Auch die lange propagierte und als Allheilmittel beschworene Deregulierung des Studienrechts klingt gut, und sie ist es im Prinzip auch. Welcher akademische Lehrer und – weit darüber hinaus – wer überhaupt, der für freiheitliche Selbstbestimmung eintritt, wäre nicht für Autonomie und deren Stärkung und Ausbau in vertretbarem Maße? – Dennoch stößt diese Deregulierung auf zwei Ebenen an Grenzen.

Zum einen bleibt die Neuregelung der Studienabläufe und der Studiengestaltung in Teilbereichen so unbestimmt, daß sie das verfassungsgesetzlich vorgegebene Legalitätsprinzip verletzt. Oder – um es demokratiepolitisch zu formulieren –: All das geht am parlamentarischen Gesetzgeber vorbei. Solcherart werden sowohl der Bundesminister – wobei ich gerne einräume: dieser noch weit weniger – als vor allem auch die Organe der universitären Selbstverwaltung weithin völlig undeterminiert zu Verordnungen von größter Tragweite ermächtigt.

Wenn mir im Ausschuß vom zuständigen Referenten des Bundesministeriums entgegengehalten worden ist, daß der Verfassungsgerichtshof vergleichbare Delegierungen bei der Planung im Bereich der Raumordnung und der Bodenbewirtschaftung für zulässig erachtet hat, so überzeugt das nicht. Denn in allen anderen Sachbereichen trifft das keineswegs zu; dort hält der Verfassungsgerichtshof vielmehr an einem im internationalen Vergleich sogar durchaus problematischen, höchst formalen Verständnis des Legalitätsprinzips fest. Der inhaltliche Vergleich zwischen Raumordnung und Studienrecht hinkt doch wohl stark, auch wenn man die notorische Raumnot der Hochschulen dabei im Auge haben sollte.

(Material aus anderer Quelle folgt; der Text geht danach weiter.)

(* Let $H$ be a connected graph with vertices $v_1,\ldots,v_d$, let $\Gamma$ be a finite group with identity $e$, and let $D=\{\gamma_1,\ldots,\gamma_d\}\subseteq\Gamma$ with $|D|=d$. Let $\widetilde{H}$ be the graph with vertex set $\Gamma$ and edge set $\{(\gamma\gamma_i,\gamma\gamma_j): \gamma\in\Gamma,\ v_iv_j\in E(H)\}$, and for $\gamma\in\Gamma$ let $\widetilde{H}_\gamma$ be the subgraph of $\widetilde{H}$ induced by $\{\gamma\gamma_1,\ldots,\gamma\gamma_d\}$. Then: a) If $(\Gamma,D)$ satisfies condition $\mathcal{G}(2)$ then $\widetilde{H}$ is a cluster of $|\Gamma|$ copies of $H$ (namely of the subgraphs $\widetilde{H}_\gamma$, $\gamma\in\Gamma$). b) If $(\Gamma,D)$ satisfies condition $\mathcal{G}(p)$ then the cluster-girth of $\widetilde{H}$ (with respect to the parts $\widetilde{H}_\gamma$, $\gamma\in\Gamma$) is at least $p+1$. c) The connected components of $\widetilde{H}$ are pairwise isomorphic, and the component containing $e$ is a Cayley graph of some subgroup of $\Gamma$.
   Context: For $p\geq 1$, the pair $(\Gamma,D)$ satisfies condition $\mathcal{R}(p)$ if for every sequence of indices $i_0,\ldots,i_{2p-1}\in\{1,\ldots,d\}$ the equality $\gamma_{i_0}\gamma_{i_1}^{-1}\gamma_{i_2}\gamma_{i_3}^{-1}\cdots\gamma_{i_{2p-2}}\gamma_{i_{2p-1}}^{-1}=e$ implies $i_l=i_{l+1}$ for some $l\in\{0,\ldots,2p-1\}$ (indices modulo $2p$). It satisfies $\mathcal{G}(p)$ if it satisfies $\mathcal{R}(1),\ldots,\mathcal{R}(p)$. A finite graph $X$ is a cluster of induced subgraphs $X_1,\ldots,X_k$ (its parts) if $X=X_1\cup\cdots\cup X_k$ and for all $i\neq j$, $X_i\cap X_j$ is empty or a single vertex. The cluster-girth (with respect to parts $X_1,\ldots,X_k$) is the smallest $l\geq 3$ such that there exist pairwise distinct vertices $v_0,\ldots,v_{l-1}$ and pairwise distinct indices $i_0,\ldots,i_{l-1}$ with $v_j\in V(X_{i_{j-1}})\cap V(X_{i_j})$ for $j=0,\ldots,l-1$ (indices modulo $l$); it is infinite if no such cycle exists. *)

theory Defs
  imports "HOL-Algebra.Group" "HOL-Library.Extended_Nat"
begin

text \<open>The base graph H has vertices 0..<d (standing for v_1..v_d) and a symmetric,
irreflexive edge relation E with all edges inside {..<d}.  The set D is given by an
injective map g : {..<d} -> carrier G (g i standing for gamma_(i+1)).\<close>

definition simple_graph_on :: "nat \<Rightarrow> (nat \<Rightarrow> nat \<Rightarrow> bool) \<Rightarrow> bool" where
  "simple_graph_on d E \<longleftrightarrow>
     (\<forall>i j. E i j \<longrightarrow> i < d \<and> j < d) \<and> (\<forall>i j. E i j \<longrightarrow> E j i) \<and> (\<forall>i. \<not> E i i)"

definition connected_graph_on :: "nat \<Rightarrow> (nat \<Rightarrow> nat \<Rightarrow> bool) \<Rightarrow> bool" where
  "connected_graph_on d E \<longleftrightarrow> 0 < d \<and> (\<forall>i<d. \<forall>j<d. E\<^sup>*\<^sup>* i j)"
(* Let $X$ be a locally K-elastic Polish space without isolated points, let $\Gamma$ be the group of self-homeomorphisms $h$ of $X$ for which $\{x\in X:h(x)\neq x\}$ has compact closure (the same conclusion holds for the group of all self-homeomorphisms), acting by application, and let $I$ be the ideal of nowhere dense subsets of $X$. Then Player II has a winning strategy in the DC game for $\Gamma\curvearrowright X, I$.
   Context: A Polish space $X$ is K-elastic if it is locally compact and for every nonempty open set $O\subseteq X$ with compact closure and every compact $K\subseteq X$ there is a self-homeomorphism $h$ of $X$ with $K\subseteq h[O]$ and such that $\{x\in X: h(x)\neq x\}$ has compact closure. $X$ is locally K-elastic if it has a basis of open sets each of which (as a subspace) is K-elastic. The DC game for a group $\Gamma$ acting on $X$ and an invariant ideal $I$: players I and II alternate for $\omega$ rounds; at round $n$ Player I plays $a_n\in I$ and Player II answers with $\gamma_n\in\Gamma$, subject to $\gamma_0=1$ and $\gamma_n$ fixes every element of $\bigcup_{m<n}\gamma_m\cdot a_m$ (where $\gamma\cdot a=\{\gamma\cdot x:x\in a\}$). Player II wins if $\bigcup_{n}\gamma_n\cdot a_n\in I$. *)

theory Defs
  imports "HOL-Analysis.Analysis"
begin

definition Polish_space :: "'a topology \<Rightarrow> bool" where
  "Polish_space X \<longleftrightarrow> completely_metrizable_space X \<and> separable_space X"

definition moved_set :: "'a topology \<Rightarrow> ('a \<Rightarrow> 'a) \<Rightarrow> 'a set" where
  "moved_set X h = {x \<in> topspace X. h x \<noteq> x}"

definition K_elastic :: "'a topology \<Rightarrow> bool" where
  "K_elastic X \<longleftrightarrow> Polish_space X \<and> locally_compact_space X \<and>
     (\<forall>W K. openin X W \<and> W \<noteq> {} \<and> compactin X (X closure_of W) \<and> compactin X K \<longrightarrow>
        (\<exists>h. homeomorphic_map X X h \<and> K \<subseteq> h ` W \<and>
             compactin X (X closure_of (moved_set X h))))"

definition locally_K_elastic :: "'a topology \<Rightarrow> bool" where
  "locally_K_elastic X \<longleftrightarrow>
     (\<forall>U x. openin X U \<and> x \<in> U \<longrightarrow>
        (\<exists>V. openin X V \<and> x \<in> V \<and> V \<subseteq> U \<and> K_elastic (subtopology X V)))"

text \<open>The group of compactly supported self-homeomorphisms. Elements are represented
  canonically as maps that are the identity outside the topspace.\<close>
definition compactly_supported_homeos :: "'a topology \<Rightarrow> ('a \<Rightarrow> 'a) set" where
  "compactly_supported_homeos X =
     {h. homeomorphic_map X X h \<and> (\<forall>x. x \<notin> topspace X \<longrightarrow> h x = x) \<and>
         compactin X (X closure_of (moved_set X h))}"

definition nowhere_dense_sets :: "'a topology \<Rightarrow> 'a set set" where
  "nowhere_dense_sets X = {S. S \<subseteq> topspace X \<and> X interior_of (X closure_of S) = {}}"

text \<open>A strategy for Player II maps the list [a_0,...,a_n] of Player I's moves so far to
  the answer gamma_n.\<close>
definition DC_II_winning_strategy ::
  "('a \<Rightarrow> 'a) set \<Rightarrow> 'a set set \<Rightarrow> ('a set list \<Rightarrow> 'a \<Rightarrow> 'a) \<Rightarrow> bool" where
  "DC_II_winning_strategy G I \<sigma> \<longleftrightarrow>
     (\<forall>a :: nat \<Rightarrow> 'a set. (\<forall>n. a n \<in> I) \<longrightarrow>
        (\<forall>n. \<sigma> (map a [0..<Suc n]) \<in> G) \<and>
        \<sigma> [a 0] = id \<and>
        (\<forall>n m x. m < n \<and> x \<in> \<sigma> (map a [0..<Suc m]) ` a m \<longrightarrow>
            \<sigma> (map a [0..<Suc n]) x = x) \<and>
        (\<Union>n. \<sigma> (map a [0..<Suc n]) ` a n) \<in> I)"

definition DC_II_wins :: "('a \<Rightarrow> 'a) set \<Rightarrow> 'a set set \<Rightarrow> bool" where
  "DC_II_wins G I \<longleftrightarrow> (\<exists>\<sigma>. DC_II_winning_strategy G I \<sigma>)"

end

theory Submission
  imports Defs
begin

text \<open>Player II keeps finitely many pairwise disjoint open K-elastic charts \<open>E\<^sub>i\<close>, each
  disjoint from all moves so far and carrying a compact core \<open>C\<^sub>i \<subseteq> E\<^sub>i\<close>. When Player I plays
  a nowhere dense set \<open>a\<close>, K-elasticity of \<open>E\<^sub>i\<close> produces a homeomorphism supported in \<open>E\<^sub>i\<close>
  that moves \<open>a\<close> off a smaller K-elastic neighbourhood \<open>E\<^sub>i'\<close> of \<open>C\<^sub>i\<close>: choose a small open
  \<open>W \<subseteq> E\<^sub>i\<close> away from the closure of \<open>a\<close> and stretch it over the closure of \<open>E\<^sub>i'\<close>.
  II answers with the composite of these homeomorphisms, which fixes all earlier moves since
  they lie outside the charts, and replaces \<open>E\<^sub>i\<close> by \<open>E\<^sub>i'\<close>. Before answering in round \<open>n\<close>,
  II enlarges a core or adds a new chart so that the cores contain a nonempty open subset of the
  \<open>n\<close>-th member of a countable \<open>\<pi>\<close>-base. The cores only grow and never meet a move, so the union
  of the moves misses a nonempty open subset of every basic open set: it is nowhere dense.\<close>

section \<open>Nowhere dense sets\<close>

lemma nowhere_dense_sets_Un:
  assumes "A \<in> nowhere_dense_sets X" and "B \<in> nowhere_dense_sets X"
  shows "A \<union> B \<in> nowhere_dense_sets X"
  using assms interior_of_union_eq_empty[of X "X closure_of A" "X closure_of B"]
  by (simp add: nowhere_dense_sets_def closure_of_Un)

lemma nowhere_dense_sets_image:
  assumes g: "homeomorphic_map X X g" and S: "S \<in> nowhere_dense_sets X"
  shows "g ` S \<in> nowhere_dense_sets X"
proof -
  have S_sub: "S \<subseteq> topspace X"
    using S by (simp add: nowhere_dense_sets_def)
  have "X interior_of (X closure_of (g ` S)) = g ` (X interior_of (X closure_of S))"
    using homeomorphic_map_closure_of[OF g S_sub] homeomorphic_map_interior_of[OF g]
    by (simp add: closure_of_subset_topspace)
  moreover have "g ` S \<subseteq> topspace X"
    using S_sub homeomorphic_imp_surjective_map[OF g] by blast
  ultimately show ?thesis
    using S by (simp add: nowhere_dense_sets_def)
qed
(* Let $K>0$, $\mu>0$, $h>0$, and $r=h/H\in(0,1)$. Consider the homogeneous controlled patch problem (context) and suppose that, for some $k>0$, $T(x,t)=e^{-Kk^2t}\phi(x)$ is a solution with $\phi\not\equiv 0$ odd of the form $$\phi(x)=\begin{cases}A\sin kx, & |x|<h/4,\\ \pm C+D\sin[k(x\mp\tfrac h2)]\pm E\cos[k(x\mp \tfrac h2)], & h/4\le \pm x\le 3h/4,\\ B\sin[k(x\mp h)], & 3h/4\le \pm x\le h,\end{cases}$$ with $\phi,\phi'$ continuous and $2h$-periodic. Then $$\sin\frac{kh}{2}\left[\frac{2}{kh}\sin\frac{kh}{2}+\Big(\frac{k^2h^2}{\mu}-1\Big)\cos\frac{kh}{2}\right]=0 .$$
   Context: Homogeneous controlled patch problem (governing perturbations about an equilibrium). A field $T(x,t)$, $2h$-periodic in $x$, satisfies $T_t=KT_{xx}+\frac{K\mu}{h^2}g(x,T)$, where $g$ is piecewise constant: on the right action region $h/4<x<3h/4$, $g=T_{\mathrm{int}}-\frac2h\int_{h/4}^{3h/4}T\,dx$; on the left action region $-3h/4<x<-h/4$, $g=T_{\mathrm{int}}-\frac2h\int_{-3h/4}^{-h/4}T\,dx$; and $g=0$ on the core $|x|<h/4$ and buffer $3h/4<|x|\le h$. Here $T_c=\frac2h\int_{-h/4}^{h/4}T\,dx$ is the core average and, with $r=h/H$, $$T_{\mathrm{int}}=T_c\,\frac{1-13r^2/48}{1-r^2/48}$$ (this is the action-region average of the parabolic interpolant through zero boundary values at $x=\pm H$ with core average $T_c$). Solutions are understood piecewise, with $T,T_x$ continuous across region boundaries. *)

theory Defs
  imports "HOL-Analysis.Analysis"
begin

definition core_avg :: "real \<Rightarrow> (real \<Rightarrow> real \<Rightarrow> real) \<Rightarrow> real \<Rightarrow> real" where
  "core_avg h T t = 2 / h * integral {-h/4..h/4} (\<lambda>x. T x t)"

definition T_int :: "real \<Rightarrow> real \<Rightarrow> (real \<Rightarrow> real \<Rightarrow> real) \<Rightarrow> real \<Rightarrow> real" where
  "T_int h H T t = core_avg h T t * (1 - 13 * (h/H)^2 / 48) / (1 - (h/H)^2 / 48)"

definition patch_g :: "real \<Rightarrow> real \<Rightarrow> (real \<Rightarrow> real \<Rightarrow> real) \<Rightarrow> real \<Rightarrow> real \<Rightarrow> real" where
  "patch_g h H T x t =
     (if h/4 < x \<and> x < 3*h/4 then T_int h H T t - 2 / h * integral {h/4..3*h/4} (\<lambda>y. T y t)
      else if -3*h/4 < x \<and> x < -h/4 then T_int h H T t - 2 / h * integral {-3*h/4..-h/4} (\<lambda>y. T y t)
      else 0)"

definition patch_region :: "real \<Rightarrow> real \<Rightarrow> bool" where
  "patch_region h x \<longleftrightarrow>
     \<bar>x\<bar> < h/4 \<or> (h/4 < x \<and> x < 3*h/4) \<or> (-3*h/4 < x \<and> x < -h/4)
     \<or> (3*h/4 < \<bar>x\<bar> \<and> \<bar>x\<bar> \<le> h)"

text \<open>T solves T_t = K T_xx + K mu/h^2 g(x,T) piecewise: T(.,t) is differentiable everywhere
  (so T, T_x continuous across region boundaries), and inside each region T_xx exists and the
  equation holds.\<close>
definition patch_solution :: "real \<Rightarrow> real \<Rightarrow> real \<Rightarrow> real \<Rightarrow> (real \<Rightarrow> real \<Rightarrow> real) \<Rightarrow> bool" where
  "patch_solution K \<mu> h H T \<longleftrightarrow>
     (\<forall>t x. (\<lambda>y. T y t) differentiable (at x)) \<and>
     (\<forall>t. continuous_on UNIV (deriv (\<lambda>y. T y t))) \<and>
     (\<forall>t x. T (x + 2*h) t = T x t) \<and>
     (\<forall>t x. patch_region h x \<longrightarrow>
        (\<exists>Txx. (deriv (\<lambda>y. T y t) has_real_derivative Txx) (at x) \<and>
               ((\<lambda>s. T x s) has_real_derivative (K * Txx + K * \<mu> / h^2 * patch_g h H T x t)) (at t)))"

end

theory Submission imports Defs begin

text \<open>Matching the value and slope of the mode at the two interfaces \<open>h/4\<close> and \<open>3h/4\<close> forces
  \<open>D = 0\<close> and ties \<open>A\<close> and \<open>C\<close> to \<open>E\<close> (unless \<open>sin(kh/2) = 0\<close>, when the claim is trivial).
  The core average of the odd mode vanishes, hence so does \<open>T_int\<close>, and the control in the right
  action region is minus its own average, which is \<open>C + 4E sin(kh/4)/(kh)\<close>. Evaluating the
  equation at the centre \<open>x = h/2\<close> of that region gives one more linear relation, and eliminating
  \<open>A, C\<close> leaves \<open>E\<close> times the stated factor. Finally \<open>E \<noteq> 0\<close>, since otherwise the mode vanishes
  on a full period.\<close>

lemma DERIV_agree_on_interval:
  fixes f g :: "real \<Rightarrow> real"
  assumes "(f has_real_derivative f') (at x)" "(g has_real_derivative g') (at x)"
    and "a < b" "x \<in> {a..b}" "\<forall>y\<in>{a..b}. f y = g y"
  shows "f' = g'"
proof -
  have "(g has_real_derivative f') (at x within {a..b})"
    by (rule has_field_derivative_transform_within[OF has_field_derivative_at_within[OF assms(1)],
          of 1]) (use assms in auto)
  moreover have "(g has_real_derivative g') (at x within {a..b})"
    using assms(2) has_field_derivative_at_within by blast
  ultimately show ?thesis
    using vector_derivative_unique_within_closed_interval[of a b x g f' g'] assms(3,4)
    by (auto simp: has_real_derivative_iff_has_vector_derivative)
qed
(* Let $\mathcal{M}=(M_i\colon i\in K)$ be a family of matroids on a common ground set $E$ which admits a covering. Then for every nonempty family $(X_\alpha\colon\alpha<\kappa)$ of $\mathcal{M}$-tight sets, both $\bigcup_{\alpha<\kappa}X_\alpha$ and $\bigcap_{\alpha<\kappa}X_\alpha$ are $\mathcal{M}$-tight.
   Context: Matroids here are possibly infinite (given by independence axioms: $\emptyset$ independent, subsets of independent sets independent, the augmentation axiom relative to maximal independent sets, and that every independent subset of any $X\subseteq E$ extends to a maximal independent subset of $X$). Circuits are minimal dependent sets; $X$ spans $e$ in $M$ if $e\in X$ or some circuit $C\ni e$ has $C\setminus\{e\}\subseteq X$. For $X\subseteq E$, $M\restriction X=(X,\mathcal{I}\cap\mathcal{P}(X))$ and $\mathcal{M}\restriction X=(M_i\restriction X\colon i\in K)$. A covering of a family $(N_i\colon i\in K)$ of matroids on a set $Y$ is a family $(R_i\colon i\in K)$ with $R_i$ independent in $N_i$ and $\bigcup_i R_i=Y$. A family is tight if it admits a covering and in every covering each $R_i$ spans the whole ground set in $N_i$. A set $X\subseteq E$ is $\mathcal{M}$-tight if $\mathcal{M}\restriction X$ is tight. *)

theory Defs
  imports Main
begin

text \<open>A (possibly infinite) matroid on ground set E, given by its set of independent sets.\<close>

definition max_indep_subset :: "'a set set \<Rightarrow> 'a set \<Rightarrow> 'a set \<Rightarrow> bool" where
  "max_indep_subset Ind X B \<longleftrightarrow>
     B \<subseteq> X \<and> B \<in> Ind \<and> (\<forall>B'. B \<subseteq> B' \<and> B' \<subseteq> X \<and> B' \<in> Ind \<longrightarrow> B' = B)"

definition matroid :: "'a set \<Rightarrow> 'a set set \<Rightarrow> bool" where
  "matroid E Ind \<longleftrightarrow>
     Ind \<subseteq> Pow E \<and>
     {} \<in> Ind \<and>
     (\<forall>I J. J \<in> Ind \<and> I \<subseteq> J \<longrightarrow> I \<in> Ind) \<and>
     (\<forall>I B. I \<in> Ind \<and> \<not> max_indep_subset Ind E I \<and> max_indep_subset Ind E B
            \<longrightarrow> (\<exists>x \<in> B - I. insert x I \<in> Ind)) \<and>
     (\<forall>X I. X \<subseteq> E \<and> I \<in> Ind \<and> I \<subseteq> X \<longrightarrow> (\<exists>B. I \<subseteq> B \<and> max_indep_subset Ind X B))"

definition circuit :: "'a set \<Rightarrow> 'a set set \<Rightarrow> 'a set \<Rightarrow> bool" where
  "circuit Y Ind C \<longleftrightarrow> C \<subseteq> Y \<and> C \<notin> Ind \<and> (\<forall>C'. C' \<subset> C \<longrightarrow> C' \<in> Ind)"

definition spans :: "'a set \<Rightarrow> 'a set set \<Rightarrow> 'a set \<Rightarrow> 'a \<Rightarrow> bool" where
  "spans Y Ind S e \<longleftrightarrow> e \<in> S \<or> (\<exists>C. circuit Y Ind C \<and> e \<in> C \<and> C - {e} \<subseteq> S)"

definition restr :: "'a set set \<Rightarrow> 'a set \<Rightarrow> 'a set set" where
  "restr Ind X = Ind \<inter> Pow X"

definition covering :: "'k set \<Rightarrow> ('k \<Rightarrow> 'a set set) \<Rightarrow> 'a set \<Rightarrow> ('k \<Rightarrow> 'a set) \<Rightarrow> bool" where
  "covering K J Y R \<longleftrightarrow> (\<forall>i \<in> K. R i \<in> J i) \<and> (\<Union>i \<in> K. R i) = Y"
lemma threshold_weights_F: "threshold_weights (insert z (I \<union> J)) F w T"
  using one_le_w T_le_sum_w sum_w_less_T unfolding threshold_weights_def by blast

end

lemma threshold_on_glue:
  assumes "finite I" "finite J" "z \<notin> I" "z \<notin> J" "I \<inter> J = {}"
    and "threshold_on I F1" "threshold_on J F2" "F1 I"
  shows "threshold_on (insert z (I \<union> J))
           (\<lambda>X. (z \<in> X \<and> F1 (X \<inter> I)) \<or> (I \<subseteq> X \<and> F2 (X \<inter> J)))"
proof -
  obtain w1 t1 w2 t2 where "threshold_weights I F1 w1 t1" "threshold_weights J F2 w2 t2"
    using assms(6,7) unfolding threshold_on_def by blast
  then interpret threshold_glue I J z F1 F2 w1 w2 t1 t2
    using assms by unfold_locales
  show ?thesis
    using threshold_weights_F unfolding threshold_on_def F_def[abs_def] by blast
qed

lemma threshold_weights_complement:
  assumes A: "finite A" and weights: "threshold_weights A F w t" and S: "S \<subseteq> A"
  shows "sum w A - t + 1 \<le> sum w S \<longleftrightarrow> \<not> F (A - S)"
proof -
  have "sum w (A - S) = sum w A - sum w S" using A S by (simp add: sum_diff)
  moreover have "(F (A - S) \<longrightarrow> t \<le> sum w (A - S)) \<and> (\<not> F (A - S) \<longrightarrow> sum w (A - S) + 1 \<le> t)"
    using weights unfolding threshold_weights_def by blast
  ultimately show ?thesis by (cases "F (A - S)") auto
qed


lemma one_sperner_Diff_nonempty:
  assumes "one_sperner H" "e \<in> H" "f \<in> H" "e \<noteq> f"
  shows "e - f \<noteq> {}"
proof
  assume "e - f = {}"
  then have "card (e - f) = 0" by (simp only: card.empty)
  moreover have "min (card (e - f)) (card (f - e)) = 1"
    using assms unfolding one_sperner_def by blast
  ultimately show False by simp
qed

lemma one_sperner_card_Diff_eq_1:
  assumes "one_sperner H" "e \<in> H" "f \<in> H" "e \<noteq> f"
    and "finite e" "finite f" "card e \<le> card f"
  shows "card (e - f) = 1"
proof -
  have "card (e - f) \<le> card (f - e)"
    using assms(5-7) by (simp add: card_Diff_subset_Int Int_commute)
  moreover have "min (card (e - f)) (card (f - e)) = 1"
    using assms(1-4) unfolding one_sperner_def by blast
  ultimately show ?thesis by (simp add: min_def)
qed

lemma one_sperner_image_Diff:
  assumes "one_sperner H" "G \<subseteq> H" "\<And>e. e \<in> G \<Longrightarrow> D \<subseteq> e"
  shows "one_sperner ((\<lambda>e. e - D) ` G)"
  unfolding one_sperner_def
proof (intro ballI impI)
  fix a b assume "a \<in> (\<lambda>e. e - D) ` G" "b \<in> (\<lambda>e. e - D) ` G" "a \<noteq> b"
  then obtain e f where "e \<in> G" "f \<in> G" "a = e - D" "b = f - D" "e \<noteq> f"
    by blast
  moreover have "a - b = e - f" "b - a = f - e"
    using calculation assms(3) by blast+
  moreover have "min (card (e - f)) (card (f - e)) = 1"
    using calculation assms(1,2) unfolding one_sperner_def by blast
  ultimately show "min (card (a - b)) (card (b - a)) = 1" by simp
qed

lemma card_1_imp_eq_singleton: "card A = 1 \<Longrightarrow> x \<in> A \<Longrightarrow> A = {x}"
  by (metis card_1_singletonE singletonD)

text \<open>The pivot: take an edge m of least size and, among the other edges, an edge fs of largest
  size; m differs from fs in a single vertex z.\<close>

lemma one_sperner_pivot_Diff_subset:
  assumes sp: "one_sperner H" and fin: "\<forall>e\<in>H. finite e"
    and m: "m \<in> H" "\<forall>e\<in>H. card m \<le> card e"
    and fs: "fs \<in> H - {m}" "\<forall>e\<in>H - {m}. card e \<le> card fs"
    and m_fs: "m - fs = {z}"
    and e: "e \<in> H" "z \<in> e" and f: "f \<in> H" "z \<notin> f"
  shows "e - {z} \<subseteq> f"
proof -
  have m_Diff: "card (m - g) = 1" if "g \<in> H" "g \<noteq> m" for g
    using that m fin by (intro one_sperner_card_Diff_eq_1[OF sp]) auto
  have z: "z \<in> m" "z \<notin> fs" using m_fs by auto
  then have m_f: "m - f = {z}"
    using m_Diff[OF f(1)] f(2) by (intro card_1_imp_eq_singleton) auto
  show ?thesis
  proof (cases "e = m")
    case True then show ?thesis using m_f by blast
  next
    case False
    then obtain y where m_e: "m - e = {y}" using m_Diff e(1) by (metis card_1_singletonE)
    then have "y \<noteq> z" using e(2) by auto
    then have y: "y \<in> f" "y \<in> fs" "y \<notin> e" using m_e m_f m_fs by auto
    have "e \<noteq> fs" "e \<in> H - {m}" using e z(2) False by auto
    then have "card (e - fs) = 1"
      using e(1) fs fin by (intro one_sperner_card_Diff_eq_1[OF sp]) auto
    then have e_fs: "e - fs = {z}" using e(2) z(2) by (intro card_1_imp_eq_singleton) auto
    show ?thesis
    proof (rule ccontr)
      assume not_sub: "\<not> e - {z} \<subseteq> f"
      have "e \<noteq> f" using e(2) f(2) by auto
      then have "min (card (e - f)) (card (f - e)) = 1"
        using sp e(1) f(1) unfolding one_sperner_def by blast
      moreover have "card (e - f) \<noteq> 1"
      proof
        assume "card (e - f) = 1"
        then have "e - f = {z}" using e(2) f(2) by (intro card_1_imp_eq_singleton) auto
        then show False using not_sub by blast
      qed
      ultimately have "card (f - e) = 1" by (simp add: min_def split: if_splits)
      then have "f - e = {y}" using y(1,3) by (intro card_1_imp_eq_singleton) auto
      moreover have "e - {z} \<subseteq> fs" using e_fs by blast
      ultimately have "(f - e) \<union> (e - {z}) \<subseteq> fs" using y(2) by simp
      moreover have "f \<subseteq> (f - e) \<union> (e - {z})" using f(2) by blast
      ultimately have "f \<subseteq> fs" by (rule subset_trans[rotated])
      moreover have "f \<noteq> fs" using not_sub e_fs by blast
      ultimately show False using one_sperner_Diff_nonempty[OF sp f(1), of fs] fs by auto
    qed
  qed
qed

Zum anderen sehe ich die Grenzen jeder Deregulierung des Studienrechts, sofern sie darauf abzielt, Freiräume für Innovationen zu eröffnen, in folgendem – und das ist mir persönlich sogar viel wichtiger als das formale verfassungsrechtliche Bedenken –: Eine Deregulierung zu den im Universitäts-Studiengesetz postulierten Zielen, also in der löblichen Absicht, durch unterschiedliche regionale und fachliche Schwerpunktbildungen der einzelnen Fakultäten einen echten Qualitätswettbewerb zu initiieren und zu stimulieren, setzt – sozialpsychologisch betrachtet – ein sehr leistungsorientiertes, kompetitives Verhalten voraus, welches durchaus jener Mentalität entspricht, die an US-amerikanischen und an japanischen Universitäten herrscht, das aber nicht so ohne weiteres auf Österreich übertragbar ist. Da muß auch das Wissenschafts- und Studienklima, also das gesamte Umfeld, stimmen. – Somit sind wir erneut auf die von mir bereits mehrfach angesprochenen Rahmenbedingungen des heutigen Universitätsbetriebs und -alltags zurückverwiesen. Von denjenigen an US-amerikanischen Universitäten können wir nur träumen. Um freilich nicht mißverstanden zu werden: Ich meine jetzt allerdings nicht die finanziellen Zugangsschranken, die dort herrschen!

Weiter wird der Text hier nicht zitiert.